Range to reproduce from the entries below: the line with "by (simp only: route_vertex_even", the line with "Field s \<and>", and every line in between. Give them exactly and give nothing else.
[Start of section]
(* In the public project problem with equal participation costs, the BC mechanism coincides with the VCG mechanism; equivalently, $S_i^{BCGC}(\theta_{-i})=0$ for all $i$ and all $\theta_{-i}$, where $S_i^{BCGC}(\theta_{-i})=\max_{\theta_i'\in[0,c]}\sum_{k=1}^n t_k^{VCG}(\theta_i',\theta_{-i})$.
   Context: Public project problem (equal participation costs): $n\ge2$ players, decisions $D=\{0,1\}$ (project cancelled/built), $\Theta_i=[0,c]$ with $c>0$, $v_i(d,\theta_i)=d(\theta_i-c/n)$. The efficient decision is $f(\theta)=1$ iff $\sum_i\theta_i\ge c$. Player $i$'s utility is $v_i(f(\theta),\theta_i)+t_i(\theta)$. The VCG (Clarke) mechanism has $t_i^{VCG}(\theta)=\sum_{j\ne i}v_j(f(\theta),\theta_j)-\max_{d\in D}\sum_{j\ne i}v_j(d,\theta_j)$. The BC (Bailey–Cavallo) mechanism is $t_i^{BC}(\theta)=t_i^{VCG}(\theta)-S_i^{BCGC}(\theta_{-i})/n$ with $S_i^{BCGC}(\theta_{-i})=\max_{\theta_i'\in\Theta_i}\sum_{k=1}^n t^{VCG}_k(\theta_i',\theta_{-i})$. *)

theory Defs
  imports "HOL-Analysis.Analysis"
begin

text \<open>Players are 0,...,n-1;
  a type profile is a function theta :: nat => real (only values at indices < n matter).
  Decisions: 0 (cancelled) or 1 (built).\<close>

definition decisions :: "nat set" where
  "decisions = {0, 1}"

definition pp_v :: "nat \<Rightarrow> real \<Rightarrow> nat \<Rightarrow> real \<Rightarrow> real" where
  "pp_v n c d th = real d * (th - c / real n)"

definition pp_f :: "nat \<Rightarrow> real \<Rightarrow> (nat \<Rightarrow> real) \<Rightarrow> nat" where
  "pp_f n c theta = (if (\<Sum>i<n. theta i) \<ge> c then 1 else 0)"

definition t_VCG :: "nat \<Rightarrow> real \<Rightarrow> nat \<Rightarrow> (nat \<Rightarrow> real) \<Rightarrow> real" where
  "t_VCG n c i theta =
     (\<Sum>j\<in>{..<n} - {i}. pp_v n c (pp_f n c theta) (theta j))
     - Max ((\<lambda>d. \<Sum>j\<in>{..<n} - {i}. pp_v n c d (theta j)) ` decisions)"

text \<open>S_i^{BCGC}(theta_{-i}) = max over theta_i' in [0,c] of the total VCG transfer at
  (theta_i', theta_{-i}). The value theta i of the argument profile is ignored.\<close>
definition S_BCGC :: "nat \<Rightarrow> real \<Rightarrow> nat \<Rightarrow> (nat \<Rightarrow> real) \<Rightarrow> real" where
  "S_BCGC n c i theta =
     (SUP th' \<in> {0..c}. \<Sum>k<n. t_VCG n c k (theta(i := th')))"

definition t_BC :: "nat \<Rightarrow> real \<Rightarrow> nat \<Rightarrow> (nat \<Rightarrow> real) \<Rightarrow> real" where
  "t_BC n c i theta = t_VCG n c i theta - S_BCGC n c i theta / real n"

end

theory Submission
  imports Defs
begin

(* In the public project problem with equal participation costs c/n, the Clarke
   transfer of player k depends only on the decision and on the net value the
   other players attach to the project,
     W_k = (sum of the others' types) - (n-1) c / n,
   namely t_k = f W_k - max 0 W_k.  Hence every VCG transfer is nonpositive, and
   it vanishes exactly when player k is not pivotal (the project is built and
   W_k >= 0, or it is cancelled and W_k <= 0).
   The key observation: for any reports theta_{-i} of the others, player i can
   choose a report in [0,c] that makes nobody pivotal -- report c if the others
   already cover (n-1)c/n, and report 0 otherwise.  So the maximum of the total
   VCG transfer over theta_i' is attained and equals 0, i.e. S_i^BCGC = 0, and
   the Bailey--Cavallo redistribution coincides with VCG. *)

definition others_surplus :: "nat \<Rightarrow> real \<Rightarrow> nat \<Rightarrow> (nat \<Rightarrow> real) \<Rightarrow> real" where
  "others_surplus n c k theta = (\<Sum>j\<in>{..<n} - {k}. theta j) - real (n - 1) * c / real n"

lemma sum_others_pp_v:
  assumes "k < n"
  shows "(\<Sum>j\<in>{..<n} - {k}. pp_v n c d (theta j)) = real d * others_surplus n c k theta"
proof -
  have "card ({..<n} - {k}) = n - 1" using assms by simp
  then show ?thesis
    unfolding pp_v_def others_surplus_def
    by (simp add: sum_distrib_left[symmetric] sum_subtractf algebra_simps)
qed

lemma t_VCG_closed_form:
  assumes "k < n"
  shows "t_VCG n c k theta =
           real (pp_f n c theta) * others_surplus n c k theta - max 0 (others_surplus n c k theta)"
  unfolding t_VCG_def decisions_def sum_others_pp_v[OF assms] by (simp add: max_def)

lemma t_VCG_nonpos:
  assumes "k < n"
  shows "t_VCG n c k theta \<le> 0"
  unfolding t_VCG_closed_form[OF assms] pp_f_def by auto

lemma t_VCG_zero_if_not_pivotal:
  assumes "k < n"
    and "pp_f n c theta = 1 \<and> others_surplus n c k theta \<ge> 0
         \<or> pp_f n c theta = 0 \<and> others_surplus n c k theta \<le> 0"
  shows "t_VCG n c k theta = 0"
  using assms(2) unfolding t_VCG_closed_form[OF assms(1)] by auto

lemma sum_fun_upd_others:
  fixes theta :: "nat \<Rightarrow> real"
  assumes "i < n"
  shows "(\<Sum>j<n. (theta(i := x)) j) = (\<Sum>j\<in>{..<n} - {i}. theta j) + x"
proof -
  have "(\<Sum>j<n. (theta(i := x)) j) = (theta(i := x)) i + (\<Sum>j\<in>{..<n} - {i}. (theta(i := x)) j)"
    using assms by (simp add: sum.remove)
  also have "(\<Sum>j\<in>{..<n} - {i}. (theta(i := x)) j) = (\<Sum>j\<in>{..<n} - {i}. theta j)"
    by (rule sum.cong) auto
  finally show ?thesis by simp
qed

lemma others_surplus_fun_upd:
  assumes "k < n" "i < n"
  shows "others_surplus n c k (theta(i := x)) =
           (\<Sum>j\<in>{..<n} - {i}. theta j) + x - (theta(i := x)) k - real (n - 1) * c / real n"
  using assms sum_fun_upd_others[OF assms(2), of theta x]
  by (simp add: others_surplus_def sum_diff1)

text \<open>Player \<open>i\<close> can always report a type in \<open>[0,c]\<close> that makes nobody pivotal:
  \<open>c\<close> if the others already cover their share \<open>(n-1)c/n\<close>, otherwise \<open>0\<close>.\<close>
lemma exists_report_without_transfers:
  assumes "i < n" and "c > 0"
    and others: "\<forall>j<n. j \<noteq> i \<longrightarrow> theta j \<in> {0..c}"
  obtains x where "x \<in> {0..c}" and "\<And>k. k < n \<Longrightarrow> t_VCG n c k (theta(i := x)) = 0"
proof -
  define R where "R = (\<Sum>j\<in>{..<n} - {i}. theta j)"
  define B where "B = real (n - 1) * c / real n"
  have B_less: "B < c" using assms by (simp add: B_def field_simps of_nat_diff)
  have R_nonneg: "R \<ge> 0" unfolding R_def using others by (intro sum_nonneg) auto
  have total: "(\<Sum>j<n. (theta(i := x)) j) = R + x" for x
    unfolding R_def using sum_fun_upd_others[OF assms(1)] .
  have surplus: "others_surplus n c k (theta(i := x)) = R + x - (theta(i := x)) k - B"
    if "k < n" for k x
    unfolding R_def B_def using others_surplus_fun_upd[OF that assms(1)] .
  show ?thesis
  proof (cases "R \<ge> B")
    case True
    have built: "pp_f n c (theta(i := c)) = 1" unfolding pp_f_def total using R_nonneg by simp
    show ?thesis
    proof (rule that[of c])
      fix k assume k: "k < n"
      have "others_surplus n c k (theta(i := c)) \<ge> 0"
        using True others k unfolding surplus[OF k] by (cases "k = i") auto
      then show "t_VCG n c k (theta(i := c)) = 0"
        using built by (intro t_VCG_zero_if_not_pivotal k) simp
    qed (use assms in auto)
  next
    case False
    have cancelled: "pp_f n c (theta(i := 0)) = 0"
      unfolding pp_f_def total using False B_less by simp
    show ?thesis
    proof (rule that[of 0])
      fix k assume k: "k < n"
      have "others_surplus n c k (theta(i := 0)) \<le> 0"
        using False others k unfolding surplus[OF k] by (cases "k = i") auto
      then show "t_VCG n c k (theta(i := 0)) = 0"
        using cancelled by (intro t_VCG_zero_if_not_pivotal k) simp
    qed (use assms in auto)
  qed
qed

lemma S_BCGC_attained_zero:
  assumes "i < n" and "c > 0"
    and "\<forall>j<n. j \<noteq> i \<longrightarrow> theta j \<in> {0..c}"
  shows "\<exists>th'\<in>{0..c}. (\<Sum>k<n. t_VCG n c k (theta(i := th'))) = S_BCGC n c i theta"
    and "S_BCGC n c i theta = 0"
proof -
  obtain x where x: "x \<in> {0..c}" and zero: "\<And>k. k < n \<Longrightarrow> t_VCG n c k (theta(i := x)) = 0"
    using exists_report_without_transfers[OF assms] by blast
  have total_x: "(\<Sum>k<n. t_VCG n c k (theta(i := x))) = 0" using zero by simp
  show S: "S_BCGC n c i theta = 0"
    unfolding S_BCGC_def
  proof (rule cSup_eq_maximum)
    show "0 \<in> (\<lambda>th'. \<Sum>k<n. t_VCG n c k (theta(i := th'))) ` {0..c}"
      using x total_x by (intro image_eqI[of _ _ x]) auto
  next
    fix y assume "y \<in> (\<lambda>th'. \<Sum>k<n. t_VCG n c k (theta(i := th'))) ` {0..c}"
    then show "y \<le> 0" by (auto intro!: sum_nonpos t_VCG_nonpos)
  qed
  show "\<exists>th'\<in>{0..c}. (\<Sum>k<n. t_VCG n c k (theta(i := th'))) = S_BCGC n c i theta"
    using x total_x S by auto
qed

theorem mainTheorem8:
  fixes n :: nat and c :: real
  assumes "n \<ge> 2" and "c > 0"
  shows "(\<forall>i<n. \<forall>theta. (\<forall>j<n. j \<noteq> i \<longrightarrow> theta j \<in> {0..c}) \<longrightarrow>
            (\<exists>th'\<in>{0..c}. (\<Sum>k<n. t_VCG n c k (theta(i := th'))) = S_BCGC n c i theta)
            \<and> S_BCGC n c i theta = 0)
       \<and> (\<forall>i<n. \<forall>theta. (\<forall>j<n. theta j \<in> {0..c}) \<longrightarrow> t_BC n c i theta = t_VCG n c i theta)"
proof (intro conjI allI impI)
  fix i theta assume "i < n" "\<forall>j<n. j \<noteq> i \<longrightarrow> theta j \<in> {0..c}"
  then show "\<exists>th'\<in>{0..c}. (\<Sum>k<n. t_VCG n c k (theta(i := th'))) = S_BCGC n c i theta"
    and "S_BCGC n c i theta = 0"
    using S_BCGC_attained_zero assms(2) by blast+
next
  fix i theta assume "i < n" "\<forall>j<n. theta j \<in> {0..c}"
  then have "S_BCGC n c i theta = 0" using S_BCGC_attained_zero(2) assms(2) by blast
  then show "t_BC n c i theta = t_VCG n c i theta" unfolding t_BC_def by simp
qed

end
[End of section]
[Start of section]
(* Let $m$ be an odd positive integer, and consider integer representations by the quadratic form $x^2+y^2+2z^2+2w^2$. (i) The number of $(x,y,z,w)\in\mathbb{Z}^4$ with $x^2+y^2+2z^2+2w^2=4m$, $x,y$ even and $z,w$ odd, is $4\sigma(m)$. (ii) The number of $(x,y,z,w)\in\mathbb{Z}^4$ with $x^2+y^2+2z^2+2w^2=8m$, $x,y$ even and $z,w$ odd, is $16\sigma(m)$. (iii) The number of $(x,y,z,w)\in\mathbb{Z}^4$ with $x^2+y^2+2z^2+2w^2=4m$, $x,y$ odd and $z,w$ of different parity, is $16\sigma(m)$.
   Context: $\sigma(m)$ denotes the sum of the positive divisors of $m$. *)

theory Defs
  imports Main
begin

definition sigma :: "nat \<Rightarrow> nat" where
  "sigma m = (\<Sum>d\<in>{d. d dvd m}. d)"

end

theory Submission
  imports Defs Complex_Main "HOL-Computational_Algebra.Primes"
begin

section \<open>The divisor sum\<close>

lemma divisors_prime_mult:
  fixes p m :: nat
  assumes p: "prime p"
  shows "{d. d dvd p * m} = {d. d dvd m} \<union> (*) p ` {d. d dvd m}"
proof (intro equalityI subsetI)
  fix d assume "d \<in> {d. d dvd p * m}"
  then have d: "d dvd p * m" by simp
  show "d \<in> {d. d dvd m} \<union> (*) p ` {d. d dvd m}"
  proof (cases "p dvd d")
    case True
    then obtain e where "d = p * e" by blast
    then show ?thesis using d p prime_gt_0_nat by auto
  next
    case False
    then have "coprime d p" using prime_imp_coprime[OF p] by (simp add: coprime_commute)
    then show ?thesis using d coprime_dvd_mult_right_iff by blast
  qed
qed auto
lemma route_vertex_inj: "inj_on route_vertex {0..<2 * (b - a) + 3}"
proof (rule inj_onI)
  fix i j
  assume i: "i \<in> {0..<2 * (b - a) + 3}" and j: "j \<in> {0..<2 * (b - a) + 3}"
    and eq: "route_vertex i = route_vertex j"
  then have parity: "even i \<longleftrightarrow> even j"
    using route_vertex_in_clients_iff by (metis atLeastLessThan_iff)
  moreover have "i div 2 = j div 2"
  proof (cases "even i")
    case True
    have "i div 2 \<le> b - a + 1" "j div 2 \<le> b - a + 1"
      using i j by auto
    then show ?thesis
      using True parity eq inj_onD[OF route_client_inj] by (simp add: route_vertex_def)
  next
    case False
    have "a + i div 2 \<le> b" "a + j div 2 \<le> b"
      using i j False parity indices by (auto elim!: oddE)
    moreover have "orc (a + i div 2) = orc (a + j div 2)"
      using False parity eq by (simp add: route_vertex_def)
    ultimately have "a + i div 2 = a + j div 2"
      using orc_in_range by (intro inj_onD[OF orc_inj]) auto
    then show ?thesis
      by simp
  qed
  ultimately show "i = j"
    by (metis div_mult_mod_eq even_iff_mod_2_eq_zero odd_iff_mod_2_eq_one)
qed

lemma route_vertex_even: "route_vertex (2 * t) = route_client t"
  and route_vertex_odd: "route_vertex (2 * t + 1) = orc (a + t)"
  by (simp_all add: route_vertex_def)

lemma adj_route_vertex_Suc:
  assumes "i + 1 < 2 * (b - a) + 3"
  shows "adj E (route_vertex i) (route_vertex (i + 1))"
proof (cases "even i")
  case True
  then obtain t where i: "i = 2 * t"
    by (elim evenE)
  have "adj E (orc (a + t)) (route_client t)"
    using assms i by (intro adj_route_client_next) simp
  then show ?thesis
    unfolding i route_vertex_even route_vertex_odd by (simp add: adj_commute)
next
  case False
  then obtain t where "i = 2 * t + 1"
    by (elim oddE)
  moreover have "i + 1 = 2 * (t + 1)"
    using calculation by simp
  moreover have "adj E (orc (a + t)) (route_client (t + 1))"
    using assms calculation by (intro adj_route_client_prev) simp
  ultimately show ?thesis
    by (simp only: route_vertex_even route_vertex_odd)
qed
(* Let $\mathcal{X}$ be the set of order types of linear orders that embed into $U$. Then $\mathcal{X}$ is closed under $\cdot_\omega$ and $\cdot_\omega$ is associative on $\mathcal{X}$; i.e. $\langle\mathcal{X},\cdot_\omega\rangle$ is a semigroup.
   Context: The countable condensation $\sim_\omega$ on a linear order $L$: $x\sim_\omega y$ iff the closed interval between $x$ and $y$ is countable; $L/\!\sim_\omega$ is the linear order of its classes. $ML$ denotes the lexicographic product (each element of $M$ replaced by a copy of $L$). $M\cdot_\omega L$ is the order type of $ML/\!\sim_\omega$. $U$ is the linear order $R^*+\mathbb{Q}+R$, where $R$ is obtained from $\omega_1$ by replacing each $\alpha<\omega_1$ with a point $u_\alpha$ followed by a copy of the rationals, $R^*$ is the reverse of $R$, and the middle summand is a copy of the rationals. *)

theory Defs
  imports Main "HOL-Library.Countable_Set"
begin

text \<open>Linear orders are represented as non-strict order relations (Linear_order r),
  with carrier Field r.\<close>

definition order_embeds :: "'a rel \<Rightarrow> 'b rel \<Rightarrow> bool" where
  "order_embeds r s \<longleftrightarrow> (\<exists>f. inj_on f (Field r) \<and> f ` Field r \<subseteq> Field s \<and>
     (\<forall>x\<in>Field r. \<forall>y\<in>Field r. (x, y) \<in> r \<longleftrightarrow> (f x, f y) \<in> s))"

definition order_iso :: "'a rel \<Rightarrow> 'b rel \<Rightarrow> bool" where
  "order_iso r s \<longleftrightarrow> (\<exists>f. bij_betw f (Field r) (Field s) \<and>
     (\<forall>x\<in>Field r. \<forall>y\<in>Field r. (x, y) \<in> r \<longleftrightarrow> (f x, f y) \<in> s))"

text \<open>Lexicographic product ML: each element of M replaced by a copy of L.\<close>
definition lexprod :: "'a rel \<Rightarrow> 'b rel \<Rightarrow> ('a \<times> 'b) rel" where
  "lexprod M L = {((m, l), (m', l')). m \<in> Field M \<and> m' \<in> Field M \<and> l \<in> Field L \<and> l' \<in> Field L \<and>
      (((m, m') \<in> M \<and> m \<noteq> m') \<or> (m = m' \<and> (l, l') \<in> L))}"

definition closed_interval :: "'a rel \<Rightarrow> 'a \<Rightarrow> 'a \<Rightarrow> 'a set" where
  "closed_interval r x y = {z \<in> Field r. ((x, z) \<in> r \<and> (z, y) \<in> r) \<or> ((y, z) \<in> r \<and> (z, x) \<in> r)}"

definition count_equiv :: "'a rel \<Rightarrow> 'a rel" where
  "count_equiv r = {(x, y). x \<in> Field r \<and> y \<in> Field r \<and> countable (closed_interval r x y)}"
[End of section]
> Exercise solution
    by (simp only: route_vertex_even route_vertex_odd)
qed
(* Let $\mathcal{X}$ be the set of order types of linear orders that embed into $U$. Then $\mathcal{X}$ is closed under $\cdot_\omega$ and $\cdot_\omega$ is associative on $\mathcal{X}$; i.e. $\langle\mathcal{X},\cdot_\omega\rangle$ is a semigroup.
   Context: The countable condensation $\sim_\omega$ on a linear order $L$: $x\sim_\omega y$ iff the closed interval between $x$ and $y$ is countable; $L/\!\sim_\omega$ is the linear order of its classes. $ML$ denotes the lexicographic product (each element of $M$ replaced by a copy of $L$). $M\cdot_\omega L$ is the order type of $ML/\!\sim_\omega$. $U$ is the linear order $R^*+\mathbb{Q}+R$, where $R$ is obtained from $\omega_1$ by replacing each $\alpha<\omega_1$ with a point $u_\alpha$ followed by a copy of the rationals, $R^*$ is the reverse of $R$, and the middle summand is a copy of the rationals. *)

theory Defs
  imports Main "HOL-Library.Countable_Set"
begin

text \<open>Linear orders are represented as non-strict order relations (Linear_order r),
  with carrier Field r.\<close>

definition order_embeds :: "'a rel \<Rightarrow> 'b rel \<Rightarrow> bool" where
  "order_embeds r s \<longleftrightarrow> (\<exists>f. inj_on f (Field r) \<and> f ` Field r \<subseteq> Field s \<and>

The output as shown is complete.